START LISTED ENTRIES
theory Submission
  imports Defs
begin

(* Let c be a proper vertex colouring of H with n colours and f an optimal colouring of the
  r-subsets of [rn] without monochromatic (r+1)-sets. Colour an r-subset s of V by f(c(s)) if c is
  injective on s, and otherwise by one of four new colours: with b the least colour repeated in s,
  p the number of vertices of s of colour below b and q the number of colour b, take q mod 2 if
  p = 0 and 2 + p mod 2 otherwise. If c takes at least r+1 colours on an edge e, then e contains an
  (r+1)-set on which c is injective and f distinguishes two of its r-subsets; if exactly r, a
  rainbow r-subset gets an old colour and a non-rainbow one a new colour; if between 2 and r-1,
  exchanging single vertices changes p or q by one and hence the new colour. So
  k(H;r) <= k(K_rn;r) + 4, while K_rn itself has chromatic number n. *)

definition nonmonochromatic :: "('a set \<Rightarrow> nat) \<Rightarrow> nat \<Rightarrow> 'a set \<Rightarrow> bool" where
  "nonmonochromatic f r e \<longleftrightarrow>
     (\<exists>s t. s \<subseteq> e \<and> card s = r \<and> t \<subseteq> e \<and> card t = r \<and> f s \<noteq> f t)"

lemma good_subset_colouring_iff:
  "good_subset_colouring V E r k f \<longleftrightarrow>
     (\<forall>s. s \<subseteq> V \<and> card s = r \<longrightarrow> f s < k) \<and>
     (\<forall>e\<in>E. r + 1 \<le> card e \<longrightarrow> nonmonochromatic f r e)"
  unfolding good_subset_colouring_def nonmonochromatic_def by blast

lemma k_H_le:
  assumes "good_subset_colouring V E r k f"
  shows "k_H V E r \<le> k"
  unfolding k_H_def using assms by (intro Least_le) blast

lemma nonmonochromatic_if_inj_on:
  assumes "inj_on f {s. s \<subseteq> e \<and> card s = r}" and "r \<ge> 1" and "r + 1 \<le> card e"
  shows "nonmonochromatic f r e"
proof -
  obtain e' where e': "e' \<subseteq> e" "card e' = r + 1" "finite e'"
    using assms(3) by (rule obtain_subset_with_card_n)
  have "\<not> card e' \<le> Suc 0"
    using e'(2) assms(2) by simp
  then obtain x y where xy: "x \<in> e'" "y \<in> e'" "x \<noteq> y"
    unfolding card_le_Suc0_iff_eq[OF e'(3)] by blast
  have "e' - {x} \<noteq> e' - {y}"
    using xy by blast
  moreover have subsets: "e' - {x} \<in> {s. s \<subseteq> e \<and> card s = r}" "e' - {y} \<in> {s. s \<subseteq> e \<and> card s = r}"
    using xy e' by auto
  ultimately have "f (e' - {x}) \<noteq> f (e' - {y})"
    by (simp add: inj_on_eq_iff[OF assms(1)])
  with subsets show ?thesis
    unfolding nonmonochromatic_def by blast
qed

lemma good_subset_colouring_k_H:
  assumes "finite V" and "\<forall>e\<in>E. e \<subseteq> V" and "r \<ge> 1"
  shows "\<exists>f. good_subset_colouring V E r (k_H V E r) f"
proof -
  have "finite {s. s \<subseteq> V \<and> card s = r}"
    using assms(1) by simp
  from finite_imp_inj_to_nat_seg[OF this] obtain f :: "'a set \<Rightarrow> nat" and k where
    f: "f ` {s. s \<subseteq> V \<and> card s = r} = {i. i < k}" "inj_on f {s. s \<subseteq> V \<and> card s = r}"
    by blast
  have "f s < k" if "s \<subseteq> V" "card s = r" for s
  proof -
    have "f s \<in> f ` {s. s \<subseteq> V \<and> card s = r}"
      using that by simp
    then show ?thesis
      unfolding f(1) by simp
  qed
  moreover have "nonmonochromatic f r e" if "e \<in> E" "r + 1 \<le> card e" for e
  proof (rule nonmonochromatic_if_inj_on)
    show "inj_on f {s. s \<subseteq> e \<and> card s = r}"
      using f(2) by (rule inj_on_subset) (use that assms(2) in auto)
  qed (use that assms(3) in auto)
  ultimately have "good_subset_colouring V E r k f"
    unfolding good_subset_colouring_iff by blast
  then have "\<exists>k f. good_subset_colouring V E r k f"
    by blast
  then show ?thesis
    unfolding k_H_def by (rule LeastI_ex)
qed

lemma proper_vertex_colouring_chromatic_number:
  assumes "hypergraph V E"
  shows "\<exists>c. proper_vertex_colouring V E (chromatic_number V E) c"
proof -
  have "finite V"
    using assms unfolding hypergraph_def by blast
  from finite_imp_inj_to_nat_seg[OF this] obtain c :: "'a \<Rightarrow> nat" and k
    where c: "c ` V = {i. i < k}" "inj_on c V"
    by blast
  have "\<not> (\<forall>u\<in>e. \<forall>w\<in>e. c u = c w)" if "e \<in> E" for e
  proof -
    have "e \<subseteq> V" "\<not> card e \<le> Suc 0"
      using that assms unfolding hypergraph_def by auto
    moreover have "finite e"
      using \<open>e \<subseteq> V\<close> \<open>finite V\<close> by (rule finite_subset)
    ultimately obtain u w where "u \<in> e" "w \<in> e" "u \<noteq> w" "u \<in> V" "w \<in> V"
      using card_le_Suc0_iff_eq by blast
    then show ?thesis
      using inj_onD[OF c(2)] by blast
  qed
  then have "proper_vertex_colouring V E k c"
    unfolding proper_vertex_colouring_def using c(1) by blast
  then have "\<exists>k c. proper_vertex_colouring V E k c"
    by blast
  then show ?thesis
    unfolding chromatic_number_def by (rule LeastI_ex)
qed

lemma hypergraph_complete:
  assumes "r \<ge> 1"
  shows "hypergraph (complete_verts m) (complete_edges m (r + 1))"
  using assms unfolding hypergraph_def complete_verts_def complete_edges_def by auto

lemma proper_vertex_colouring_complete_div:
  assumes "r \<ge> 1"
  shows "proper_vertex_colouring (complete_verts (r * n)) (complete_edges (r * n) (r + 1)) n
           (\<lambda>v. v div r)"
  unfolding proper_vertex_colouring_def complete_verts_def complete_edges_def
proof (intro conjI ballI notI)
  fix v assume "v \<in> {..<r * n}"
  then show "v div r < n"
    by (simp add: less_mult_imp_div_less mult.commute)
next
  fix e assume e: "e \<in> {e. e \<subseteq> {..<r * n} \<and> card e = r + 1}"
    and same_block: "\<forall>u\<in>e. \<forall>w\<in>e. u div r = w div r"
  then obtain u where "u \<in> e"
    by fastforce
  have "e \<subseteq> {u div r * r ..< u div r * r + r}"
  proof
    fix w assume "w \<in> e"
    then have "w = u div r * r + w mod r"
      using same_block \<open>u \<in> e\<close> by (metis div_mult_mod_eq)
    moreover have "w mod r < r"
      using assms by simp
    ultimately show "w \<in> {u div r * r ..< u div r * r + r}"
      unfolding atLeastLessThan_iff by linarith
  qed
  then have "card e \<le> card {u div r * r ..< u div r * r + r}"
    by (intro card_mono) simp_all
  then have "card e \<le> r"
    by simp
  then show False
    using e by simp
qed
END LISTED ENTRIES
Begin with the line that contains "by (intro card_mono) simp_all" and end with the last line of the data. Repeat those two lines and all between them exactly.

=== SOLUTION ===
    by (intro card_mono) simp_all
  then have "card e \<le> r"
    by simp
  then show False
    using e by simp
qed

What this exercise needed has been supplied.